START Supplied records
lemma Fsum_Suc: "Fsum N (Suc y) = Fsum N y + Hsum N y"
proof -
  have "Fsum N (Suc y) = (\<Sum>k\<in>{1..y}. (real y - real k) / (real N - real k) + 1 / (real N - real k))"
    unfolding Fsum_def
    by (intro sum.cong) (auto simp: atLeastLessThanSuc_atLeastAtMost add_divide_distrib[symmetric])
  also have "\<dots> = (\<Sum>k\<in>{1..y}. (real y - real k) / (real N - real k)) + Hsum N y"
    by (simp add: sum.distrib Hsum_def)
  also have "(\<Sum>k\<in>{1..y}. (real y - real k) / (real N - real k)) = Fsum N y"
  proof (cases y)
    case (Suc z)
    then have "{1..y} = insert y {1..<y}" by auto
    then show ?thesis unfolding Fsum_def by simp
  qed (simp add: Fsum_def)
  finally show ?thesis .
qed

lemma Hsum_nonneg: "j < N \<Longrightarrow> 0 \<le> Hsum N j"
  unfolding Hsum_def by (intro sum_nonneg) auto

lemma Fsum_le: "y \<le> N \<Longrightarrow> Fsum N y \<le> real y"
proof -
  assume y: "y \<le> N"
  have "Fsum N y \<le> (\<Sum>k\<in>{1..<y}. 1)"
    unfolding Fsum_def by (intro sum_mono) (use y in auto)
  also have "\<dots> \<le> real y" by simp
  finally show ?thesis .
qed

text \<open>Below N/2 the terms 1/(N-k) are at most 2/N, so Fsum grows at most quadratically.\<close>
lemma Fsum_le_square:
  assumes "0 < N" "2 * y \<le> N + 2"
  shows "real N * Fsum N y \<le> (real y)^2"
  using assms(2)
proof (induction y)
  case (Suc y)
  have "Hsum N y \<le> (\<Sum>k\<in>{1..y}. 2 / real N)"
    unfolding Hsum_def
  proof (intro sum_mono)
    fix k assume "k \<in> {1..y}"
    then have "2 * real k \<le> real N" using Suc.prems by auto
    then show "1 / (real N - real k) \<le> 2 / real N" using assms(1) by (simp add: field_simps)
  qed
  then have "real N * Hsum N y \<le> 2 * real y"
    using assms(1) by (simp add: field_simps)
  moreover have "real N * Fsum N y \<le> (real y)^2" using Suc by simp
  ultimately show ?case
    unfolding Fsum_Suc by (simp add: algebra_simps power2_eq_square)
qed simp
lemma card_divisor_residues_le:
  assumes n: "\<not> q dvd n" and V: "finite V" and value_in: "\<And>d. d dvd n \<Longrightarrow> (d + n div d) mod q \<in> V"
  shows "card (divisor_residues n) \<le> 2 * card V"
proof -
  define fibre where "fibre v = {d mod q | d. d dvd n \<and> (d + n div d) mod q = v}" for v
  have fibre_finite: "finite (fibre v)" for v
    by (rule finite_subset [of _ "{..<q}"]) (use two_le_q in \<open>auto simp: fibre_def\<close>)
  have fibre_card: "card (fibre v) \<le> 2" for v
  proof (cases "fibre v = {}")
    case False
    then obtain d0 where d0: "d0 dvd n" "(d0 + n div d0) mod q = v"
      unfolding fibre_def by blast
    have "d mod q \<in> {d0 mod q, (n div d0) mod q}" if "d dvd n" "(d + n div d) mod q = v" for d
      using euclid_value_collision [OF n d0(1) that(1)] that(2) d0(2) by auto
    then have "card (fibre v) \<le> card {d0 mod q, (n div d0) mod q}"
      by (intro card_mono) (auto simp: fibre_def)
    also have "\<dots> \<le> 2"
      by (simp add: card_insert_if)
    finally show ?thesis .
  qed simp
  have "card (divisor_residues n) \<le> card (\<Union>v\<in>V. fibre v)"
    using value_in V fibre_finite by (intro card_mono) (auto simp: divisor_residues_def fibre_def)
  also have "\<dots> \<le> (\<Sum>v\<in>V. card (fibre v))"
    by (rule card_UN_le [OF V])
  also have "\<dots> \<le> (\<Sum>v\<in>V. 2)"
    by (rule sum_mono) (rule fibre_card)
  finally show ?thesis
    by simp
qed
END Supplied records
START Supplied records
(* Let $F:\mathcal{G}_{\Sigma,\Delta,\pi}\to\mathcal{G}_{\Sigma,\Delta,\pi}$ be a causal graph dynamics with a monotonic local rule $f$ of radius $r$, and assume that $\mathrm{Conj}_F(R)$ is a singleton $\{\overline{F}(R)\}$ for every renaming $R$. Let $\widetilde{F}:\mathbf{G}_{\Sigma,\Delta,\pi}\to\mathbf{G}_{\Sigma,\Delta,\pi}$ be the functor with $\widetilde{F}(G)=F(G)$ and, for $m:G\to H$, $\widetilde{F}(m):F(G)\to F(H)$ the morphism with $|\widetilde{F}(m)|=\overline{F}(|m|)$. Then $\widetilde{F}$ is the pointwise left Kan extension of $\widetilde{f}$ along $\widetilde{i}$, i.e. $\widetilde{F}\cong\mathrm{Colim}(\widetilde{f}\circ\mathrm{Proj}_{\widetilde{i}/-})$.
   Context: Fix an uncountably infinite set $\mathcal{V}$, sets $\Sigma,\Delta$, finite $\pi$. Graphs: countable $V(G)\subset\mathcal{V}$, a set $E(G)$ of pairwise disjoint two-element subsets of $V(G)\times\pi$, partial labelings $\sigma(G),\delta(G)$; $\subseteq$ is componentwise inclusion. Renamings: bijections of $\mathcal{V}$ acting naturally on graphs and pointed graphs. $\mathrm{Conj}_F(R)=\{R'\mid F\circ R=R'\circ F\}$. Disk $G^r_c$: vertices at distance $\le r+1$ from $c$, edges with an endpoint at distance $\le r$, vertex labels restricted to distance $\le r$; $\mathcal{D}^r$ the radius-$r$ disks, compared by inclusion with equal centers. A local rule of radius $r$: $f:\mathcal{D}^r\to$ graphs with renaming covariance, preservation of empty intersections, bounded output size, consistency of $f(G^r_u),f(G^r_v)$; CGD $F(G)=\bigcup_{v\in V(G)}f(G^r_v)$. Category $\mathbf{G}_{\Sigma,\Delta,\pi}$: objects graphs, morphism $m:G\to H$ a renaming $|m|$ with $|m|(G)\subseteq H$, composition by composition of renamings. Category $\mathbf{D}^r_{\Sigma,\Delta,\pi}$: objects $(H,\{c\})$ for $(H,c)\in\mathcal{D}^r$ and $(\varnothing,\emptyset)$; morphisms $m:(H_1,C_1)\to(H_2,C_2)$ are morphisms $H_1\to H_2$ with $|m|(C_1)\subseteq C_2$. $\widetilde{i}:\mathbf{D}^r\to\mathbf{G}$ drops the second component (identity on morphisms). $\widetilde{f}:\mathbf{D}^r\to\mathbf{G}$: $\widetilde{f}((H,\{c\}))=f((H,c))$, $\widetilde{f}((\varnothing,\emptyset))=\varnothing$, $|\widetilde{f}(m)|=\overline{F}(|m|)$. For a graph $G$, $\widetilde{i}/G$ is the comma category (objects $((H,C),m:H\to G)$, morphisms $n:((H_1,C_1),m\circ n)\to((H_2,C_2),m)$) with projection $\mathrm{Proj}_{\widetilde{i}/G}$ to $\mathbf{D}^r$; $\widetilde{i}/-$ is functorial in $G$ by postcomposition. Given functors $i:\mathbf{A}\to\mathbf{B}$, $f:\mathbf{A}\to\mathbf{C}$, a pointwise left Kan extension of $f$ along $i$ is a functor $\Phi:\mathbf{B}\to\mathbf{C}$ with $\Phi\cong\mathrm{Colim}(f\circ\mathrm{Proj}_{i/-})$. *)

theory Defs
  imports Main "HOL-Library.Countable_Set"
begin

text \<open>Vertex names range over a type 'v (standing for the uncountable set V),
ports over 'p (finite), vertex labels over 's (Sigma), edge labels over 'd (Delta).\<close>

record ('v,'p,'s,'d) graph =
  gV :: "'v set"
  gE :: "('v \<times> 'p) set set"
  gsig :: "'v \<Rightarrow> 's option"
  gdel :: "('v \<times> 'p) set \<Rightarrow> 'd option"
END Supplied records
START Supplied records
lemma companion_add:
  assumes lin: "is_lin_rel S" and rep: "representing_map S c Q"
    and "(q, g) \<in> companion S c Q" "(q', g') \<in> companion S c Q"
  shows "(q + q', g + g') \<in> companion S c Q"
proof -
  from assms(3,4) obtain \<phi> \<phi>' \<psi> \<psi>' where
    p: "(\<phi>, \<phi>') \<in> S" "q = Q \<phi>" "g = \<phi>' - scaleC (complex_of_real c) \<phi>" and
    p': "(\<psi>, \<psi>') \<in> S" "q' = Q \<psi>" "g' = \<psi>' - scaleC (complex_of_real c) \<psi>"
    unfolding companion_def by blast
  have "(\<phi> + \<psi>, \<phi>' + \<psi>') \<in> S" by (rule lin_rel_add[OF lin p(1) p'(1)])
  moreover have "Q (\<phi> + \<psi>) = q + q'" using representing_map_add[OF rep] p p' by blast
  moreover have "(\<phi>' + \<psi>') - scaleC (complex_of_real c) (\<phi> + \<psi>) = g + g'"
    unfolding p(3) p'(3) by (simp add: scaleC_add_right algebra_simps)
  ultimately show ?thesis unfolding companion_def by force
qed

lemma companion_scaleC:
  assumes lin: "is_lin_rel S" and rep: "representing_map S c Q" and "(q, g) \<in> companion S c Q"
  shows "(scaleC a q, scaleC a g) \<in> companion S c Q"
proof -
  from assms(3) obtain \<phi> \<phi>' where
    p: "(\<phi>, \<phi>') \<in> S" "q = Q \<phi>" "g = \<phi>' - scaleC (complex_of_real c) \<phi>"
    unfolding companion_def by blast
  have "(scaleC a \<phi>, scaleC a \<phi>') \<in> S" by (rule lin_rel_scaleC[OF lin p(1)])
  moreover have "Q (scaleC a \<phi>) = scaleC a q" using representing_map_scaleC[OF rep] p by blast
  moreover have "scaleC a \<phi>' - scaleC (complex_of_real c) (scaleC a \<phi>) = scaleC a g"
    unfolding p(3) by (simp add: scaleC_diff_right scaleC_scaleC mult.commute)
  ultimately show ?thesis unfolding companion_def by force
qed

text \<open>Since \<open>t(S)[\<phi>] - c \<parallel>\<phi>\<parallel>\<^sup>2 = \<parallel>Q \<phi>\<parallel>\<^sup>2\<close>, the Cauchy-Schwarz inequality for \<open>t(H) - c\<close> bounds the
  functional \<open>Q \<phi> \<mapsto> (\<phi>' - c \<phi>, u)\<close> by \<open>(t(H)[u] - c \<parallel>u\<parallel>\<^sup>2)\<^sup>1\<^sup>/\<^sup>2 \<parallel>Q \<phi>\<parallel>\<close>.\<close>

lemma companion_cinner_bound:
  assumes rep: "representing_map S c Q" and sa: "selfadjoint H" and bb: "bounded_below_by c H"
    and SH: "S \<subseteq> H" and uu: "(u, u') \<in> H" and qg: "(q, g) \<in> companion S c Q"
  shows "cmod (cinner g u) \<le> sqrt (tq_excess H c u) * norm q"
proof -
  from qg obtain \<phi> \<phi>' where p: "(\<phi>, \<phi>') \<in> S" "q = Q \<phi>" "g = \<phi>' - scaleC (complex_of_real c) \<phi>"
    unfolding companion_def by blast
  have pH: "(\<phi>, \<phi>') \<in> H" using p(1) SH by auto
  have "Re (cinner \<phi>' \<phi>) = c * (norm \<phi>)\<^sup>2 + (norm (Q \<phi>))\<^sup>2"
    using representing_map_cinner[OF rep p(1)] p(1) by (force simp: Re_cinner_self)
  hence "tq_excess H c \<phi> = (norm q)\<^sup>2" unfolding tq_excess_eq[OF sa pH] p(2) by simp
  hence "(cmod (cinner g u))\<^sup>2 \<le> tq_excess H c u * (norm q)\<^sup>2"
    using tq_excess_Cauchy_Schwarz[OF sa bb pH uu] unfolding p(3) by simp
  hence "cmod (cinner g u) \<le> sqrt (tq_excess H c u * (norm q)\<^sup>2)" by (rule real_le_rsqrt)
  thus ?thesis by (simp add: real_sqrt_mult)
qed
END Supplied records
▸ Exercise goal
Going through the data, count each line where the word "obtain" appears, and state only the total.

▸ Written answer
4